The stretch wanted below opens at the line containing "real) \<Rightarrow> 'a list" and closes at the line containing "(a self-loop is". Please return it exactly, with no other lines.

Top of Listed entries

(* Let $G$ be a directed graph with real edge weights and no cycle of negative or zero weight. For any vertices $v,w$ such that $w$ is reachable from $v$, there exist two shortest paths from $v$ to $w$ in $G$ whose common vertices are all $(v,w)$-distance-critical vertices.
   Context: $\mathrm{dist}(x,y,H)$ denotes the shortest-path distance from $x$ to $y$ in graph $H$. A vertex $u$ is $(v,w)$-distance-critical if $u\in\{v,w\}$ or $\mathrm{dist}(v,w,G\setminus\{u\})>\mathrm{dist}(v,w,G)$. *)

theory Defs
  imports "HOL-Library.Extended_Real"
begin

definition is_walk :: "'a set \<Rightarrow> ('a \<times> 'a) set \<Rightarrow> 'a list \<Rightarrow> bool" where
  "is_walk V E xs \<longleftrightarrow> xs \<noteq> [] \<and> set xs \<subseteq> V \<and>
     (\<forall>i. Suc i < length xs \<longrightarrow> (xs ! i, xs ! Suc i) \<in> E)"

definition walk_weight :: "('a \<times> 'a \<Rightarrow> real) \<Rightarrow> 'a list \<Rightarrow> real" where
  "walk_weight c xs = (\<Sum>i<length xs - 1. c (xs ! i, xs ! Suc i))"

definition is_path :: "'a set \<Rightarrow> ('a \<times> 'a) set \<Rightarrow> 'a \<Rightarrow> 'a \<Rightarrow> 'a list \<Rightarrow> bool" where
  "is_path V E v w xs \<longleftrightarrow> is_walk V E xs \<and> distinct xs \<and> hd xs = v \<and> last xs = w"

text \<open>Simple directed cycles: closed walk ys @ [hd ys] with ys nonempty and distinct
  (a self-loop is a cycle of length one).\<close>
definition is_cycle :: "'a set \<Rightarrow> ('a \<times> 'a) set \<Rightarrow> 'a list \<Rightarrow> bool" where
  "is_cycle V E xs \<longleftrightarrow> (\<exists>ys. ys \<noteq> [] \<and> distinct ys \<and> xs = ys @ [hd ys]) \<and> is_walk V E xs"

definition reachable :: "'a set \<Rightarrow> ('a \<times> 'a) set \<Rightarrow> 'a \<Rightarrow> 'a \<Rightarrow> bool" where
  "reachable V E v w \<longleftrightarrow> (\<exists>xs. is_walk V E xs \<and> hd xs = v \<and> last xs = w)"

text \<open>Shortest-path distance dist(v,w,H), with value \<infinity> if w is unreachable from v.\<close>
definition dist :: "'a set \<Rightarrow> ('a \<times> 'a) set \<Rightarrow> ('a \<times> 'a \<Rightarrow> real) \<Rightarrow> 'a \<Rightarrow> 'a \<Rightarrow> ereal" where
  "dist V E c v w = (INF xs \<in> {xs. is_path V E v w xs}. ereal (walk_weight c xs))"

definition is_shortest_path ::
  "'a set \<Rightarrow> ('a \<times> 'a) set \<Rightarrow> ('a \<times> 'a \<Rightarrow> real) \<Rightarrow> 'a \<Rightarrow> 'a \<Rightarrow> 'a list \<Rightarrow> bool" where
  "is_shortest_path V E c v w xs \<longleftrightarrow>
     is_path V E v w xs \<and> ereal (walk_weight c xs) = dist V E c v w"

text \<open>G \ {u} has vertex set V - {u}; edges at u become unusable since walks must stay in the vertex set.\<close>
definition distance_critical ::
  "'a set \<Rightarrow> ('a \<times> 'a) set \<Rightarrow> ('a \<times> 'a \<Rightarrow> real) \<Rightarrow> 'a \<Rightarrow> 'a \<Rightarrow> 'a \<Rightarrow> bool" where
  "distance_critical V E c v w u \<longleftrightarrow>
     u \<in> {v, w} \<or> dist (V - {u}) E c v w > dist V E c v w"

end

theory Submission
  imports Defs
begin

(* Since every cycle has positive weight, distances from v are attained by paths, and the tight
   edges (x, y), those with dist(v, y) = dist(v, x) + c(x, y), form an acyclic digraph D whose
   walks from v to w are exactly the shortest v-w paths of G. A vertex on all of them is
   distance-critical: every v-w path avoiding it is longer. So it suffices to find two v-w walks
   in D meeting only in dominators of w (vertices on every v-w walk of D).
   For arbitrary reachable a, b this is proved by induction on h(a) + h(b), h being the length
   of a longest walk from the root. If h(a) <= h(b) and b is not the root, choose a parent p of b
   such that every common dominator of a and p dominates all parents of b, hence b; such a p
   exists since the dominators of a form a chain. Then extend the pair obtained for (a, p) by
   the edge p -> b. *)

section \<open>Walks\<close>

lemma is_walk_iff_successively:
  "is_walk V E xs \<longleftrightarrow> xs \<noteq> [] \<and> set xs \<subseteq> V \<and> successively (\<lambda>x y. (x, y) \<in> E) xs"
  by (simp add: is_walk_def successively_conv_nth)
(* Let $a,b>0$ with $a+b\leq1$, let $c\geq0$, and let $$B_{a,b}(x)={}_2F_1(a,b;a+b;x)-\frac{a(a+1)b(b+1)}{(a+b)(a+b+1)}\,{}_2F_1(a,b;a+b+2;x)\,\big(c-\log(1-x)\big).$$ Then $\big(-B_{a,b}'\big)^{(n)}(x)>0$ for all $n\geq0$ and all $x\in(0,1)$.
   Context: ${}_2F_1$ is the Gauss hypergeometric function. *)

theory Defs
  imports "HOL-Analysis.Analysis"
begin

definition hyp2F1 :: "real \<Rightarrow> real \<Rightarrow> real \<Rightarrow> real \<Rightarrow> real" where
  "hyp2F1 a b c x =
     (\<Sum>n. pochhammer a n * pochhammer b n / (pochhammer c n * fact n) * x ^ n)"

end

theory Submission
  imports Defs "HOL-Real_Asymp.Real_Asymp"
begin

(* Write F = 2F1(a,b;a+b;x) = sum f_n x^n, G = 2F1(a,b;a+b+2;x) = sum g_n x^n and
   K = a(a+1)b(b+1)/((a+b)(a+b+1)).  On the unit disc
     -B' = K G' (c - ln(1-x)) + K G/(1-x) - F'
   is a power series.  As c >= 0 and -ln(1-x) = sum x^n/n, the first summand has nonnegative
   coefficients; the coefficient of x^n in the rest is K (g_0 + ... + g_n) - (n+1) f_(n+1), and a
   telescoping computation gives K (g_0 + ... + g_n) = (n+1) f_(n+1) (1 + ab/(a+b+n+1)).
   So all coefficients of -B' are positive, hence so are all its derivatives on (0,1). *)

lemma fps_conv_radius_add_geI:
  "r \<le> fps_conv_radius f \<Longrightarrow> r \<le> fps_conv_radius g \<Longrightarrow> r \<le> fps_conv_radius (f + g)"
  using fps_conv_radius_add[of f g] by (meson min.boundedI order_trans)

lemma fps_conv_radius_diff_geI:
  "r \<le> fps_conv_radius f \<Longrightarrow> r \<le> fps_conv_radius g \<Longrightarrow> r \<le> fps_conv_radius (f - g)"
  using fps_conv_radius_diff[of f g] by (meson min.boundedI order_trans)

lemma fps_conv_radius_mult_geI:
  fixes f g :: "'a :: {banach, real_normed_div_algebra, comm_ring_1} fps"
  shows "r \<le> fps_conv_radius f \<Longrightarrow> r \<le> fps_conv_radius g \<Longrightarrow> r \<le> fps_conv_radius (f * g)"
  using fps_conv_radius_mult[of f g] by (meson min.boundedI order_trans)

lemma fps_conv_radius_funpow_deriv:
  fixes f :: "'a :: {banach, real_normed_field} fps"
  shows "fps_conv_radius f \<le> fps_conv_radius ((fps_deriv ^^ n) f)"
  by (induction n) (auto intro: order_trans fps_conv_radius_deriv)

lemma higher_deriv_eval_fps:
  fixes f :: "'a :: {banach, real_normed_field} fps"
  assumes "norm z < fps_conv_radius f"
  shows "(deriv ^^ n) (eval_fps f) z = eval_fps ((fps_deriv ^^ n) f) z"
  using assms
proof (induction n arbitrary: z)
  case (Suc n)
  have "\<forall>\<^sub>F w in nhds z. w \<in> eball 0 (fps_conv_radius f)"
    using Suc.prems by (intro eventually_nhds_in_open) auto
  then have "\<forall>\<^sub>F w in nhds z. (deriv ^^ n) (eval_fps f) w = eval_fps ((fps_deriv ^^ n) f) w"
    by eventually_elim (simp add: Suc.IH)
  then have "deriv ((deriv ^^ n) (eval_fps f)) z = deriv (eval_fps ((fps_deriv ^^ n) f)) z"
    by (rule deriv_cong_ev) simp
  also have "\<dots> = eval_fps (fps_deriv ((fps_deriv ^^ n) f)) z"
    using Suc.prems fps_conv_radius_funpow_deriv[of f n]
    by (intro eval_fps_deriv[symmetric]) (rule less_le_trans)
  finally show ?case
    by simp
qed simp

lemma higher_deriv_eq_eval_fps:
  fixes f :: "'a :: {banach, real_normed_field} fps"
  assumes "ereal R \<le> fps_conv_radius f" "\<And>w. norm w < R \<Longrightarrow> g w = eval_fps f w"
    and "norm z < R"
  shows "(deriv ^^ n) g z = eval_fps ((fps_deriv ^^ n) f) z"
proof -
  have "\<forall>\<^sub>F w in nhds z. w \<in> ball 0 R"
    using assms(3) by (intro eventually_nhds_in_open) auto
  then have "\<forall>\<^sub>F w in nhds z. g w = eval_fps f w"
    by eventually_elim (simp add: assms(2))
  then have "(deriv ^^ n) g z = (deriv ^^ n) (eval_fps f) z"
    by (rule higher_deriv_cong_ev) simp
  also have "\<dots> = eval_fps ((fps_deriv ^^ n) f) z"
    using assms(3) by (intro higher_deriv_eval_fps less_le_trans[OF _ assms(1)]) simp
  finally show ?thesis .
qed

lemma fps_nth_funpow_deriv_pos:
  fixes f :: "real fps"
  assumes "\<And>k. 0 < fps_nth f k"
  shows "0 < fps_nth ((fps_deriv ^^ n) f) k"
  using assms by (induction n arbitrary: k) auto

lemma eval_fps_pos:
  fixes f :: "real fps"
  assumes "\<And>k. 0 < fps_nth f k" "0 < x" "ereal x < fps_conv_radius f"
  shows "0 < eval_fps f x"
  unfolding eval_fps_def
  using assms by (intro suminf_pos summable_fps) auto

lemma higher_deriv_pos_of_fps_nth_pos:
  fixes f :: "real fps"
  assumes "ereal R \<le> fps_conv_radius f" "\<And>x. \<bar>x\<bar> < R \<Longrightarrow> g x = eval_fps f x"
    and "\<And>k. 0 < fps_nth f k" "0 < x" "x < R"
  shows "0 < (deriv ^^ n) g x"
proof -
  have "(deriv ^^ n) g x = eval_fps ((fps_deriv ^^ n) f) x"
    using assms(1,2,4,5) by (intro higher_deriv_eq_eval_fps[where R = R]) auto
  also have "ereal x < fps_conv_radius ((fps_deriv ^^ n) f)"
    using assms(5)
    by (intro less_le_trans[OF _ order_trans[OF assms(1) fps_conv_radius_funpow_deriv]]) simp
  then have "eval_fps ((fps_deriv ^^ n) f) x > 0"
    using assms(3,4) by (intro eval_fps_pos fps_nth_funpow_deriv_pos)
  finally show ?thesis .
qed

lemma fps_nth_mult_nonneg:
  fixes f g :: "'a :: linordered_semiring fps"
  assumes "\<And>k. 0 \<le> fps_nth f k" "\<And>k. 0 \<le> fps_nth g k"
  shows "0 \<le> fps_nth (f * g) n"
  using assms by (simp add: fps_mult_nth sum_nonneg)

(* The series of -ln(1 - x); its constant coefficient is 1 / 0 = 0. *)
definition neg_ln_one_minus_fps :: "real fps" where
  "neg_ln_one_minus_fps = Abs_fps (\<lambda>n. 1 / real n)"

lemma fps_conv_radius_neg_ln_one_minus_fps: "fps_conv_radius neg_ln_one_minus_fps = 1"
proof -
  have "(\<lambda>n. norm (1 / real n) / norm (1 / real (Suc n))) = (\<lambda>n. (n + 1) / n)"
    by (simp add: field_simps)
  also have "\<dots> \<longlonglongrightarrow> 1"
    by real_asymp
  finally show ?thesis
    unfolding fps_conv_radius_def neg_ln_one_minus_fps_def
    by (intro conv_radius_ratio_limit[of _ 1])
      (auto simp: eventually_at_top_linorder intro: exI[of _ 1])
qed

Bottom of Listed entries

### [Result below]
definition walk_weight :: "('a \<times> 'a \<Rightarrow> real) \<Rightarrow> 'a list \<Rightarrow> real" where
  "walk_weight c xs = (\<Sum>i<length xs - 1. c (xs ! i, xs ! Suc i))"

definition is_path :: "'a set \<Rightarrow> ('a \<times> 'a) set \<Rightarrow> 'a \<Rightarrow> 'a \<Rightarrow> 'a list \<Rightarrow> bool" where
  "is_path V E v w xs \<longleftrightarrow> is_walk V E xs \<and> distinct xs \<and> hd xs = v \<and> last xs = w"

text \<open>Simple directed cycles: closed walk ys @ [hd ys] with ys nonempty and distinct
  (a self-loop is a cycle of length one).\<close>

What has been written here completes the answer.